(* Let $\sigma\colon\mathcal{A}^+\to\mathcal{B}^+$ be a morphism, $u,v\in\mathcal{A}^+$, let $a,b$ be the first letters of $u,v$ respectively, and let $\sigma(a)=st$ with $t$ nonempty (and $s$ possibly empty). Assume that $\sigma(u)$ is a prefix of $s\sigma(v)$, that $|u|\ge|\sigma|_1+|s|$, and that either ($s$ is empty and $a\neq b$) or $s$ is nonempty. Then there exist an alphabet $\mathcal{C}$ and morphisms $q\colon\mathcal{A}^+\to\mathcal{C}^+$, $p\colon\mathcal{C}^+\to\mathcal{B}^+$ such that $\#\mathcal{C}\le\#\mathcal{A}$, $q$ is letter-onto, $|p|_1<|\sigma|_1$, and $\sigma=pq$.
   Context: Alphabets are finite sets; $\mathcal{A}^+$ is the free semigroup of nonempty finite words over $\mathcal{A}$; a morphism is a semigroup homomorphism. For a morphism $\sigma\colon\mathcal{A}^+\to\mathcal{B}^+$, $|\sigma|_1=\sum_{a\in\mathcal{A}}|\sigma(a)|$. A word $w$ is a prefix of $w'$ if $w'=wr$ for some possibly empty word $r$. $q$ is letter-onto if every letter of its target alphabet occurs in some $q(a)$. *)

theory Defs
  imports Main "HOL-Library.Sublist"
begin

text \<open>A morphism A+ -> B+ is given by its letter images, which are nonempty words over B.\<close>
definition morphism :: "'a set \<Rightarrow> 'b set \<Rightarrow> ('a \<Rightarrow> 'b list) \<Rightarrow> bool" where
  "morphism A B f \<longleftrightarrow> finite A \<and> finite B \<and> (\<forall>x\<in>A. f x \<noteq> [] \<and> set (f x) \<subseteq> B)"

definition ext :: "('a \<Rightarrow> 'b list) \<Rightarrow> 'a list \<Rightarrow> 'b list" where
  "ext f w = concat (map f w)"

definition size1 :: "'a set \<Rightarrow> ('a \<Rightarrow> 'b list) \<Rightarrow> nat" where
  "size1 A f = (\<Sum>x\<in>A. length (f x))"

definition letter_onto :: "'a set \<Rightarrow> 'c set \<Rightarrow> ('a \<Rightarrow> 'c list) \<Rightarrow> bool" where
  "letter_onto A C q \<longleftrightarrow> (\<forall>c\<in>C. \<exists>x\<in>A. c \<in> set (q x))"

end

theory Submission
  imports Defs
begin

::::::

_Your assignment_. Among the entries above, tally each line with the string "longleftrightarrow" and state that figure only.

_Task response_. 2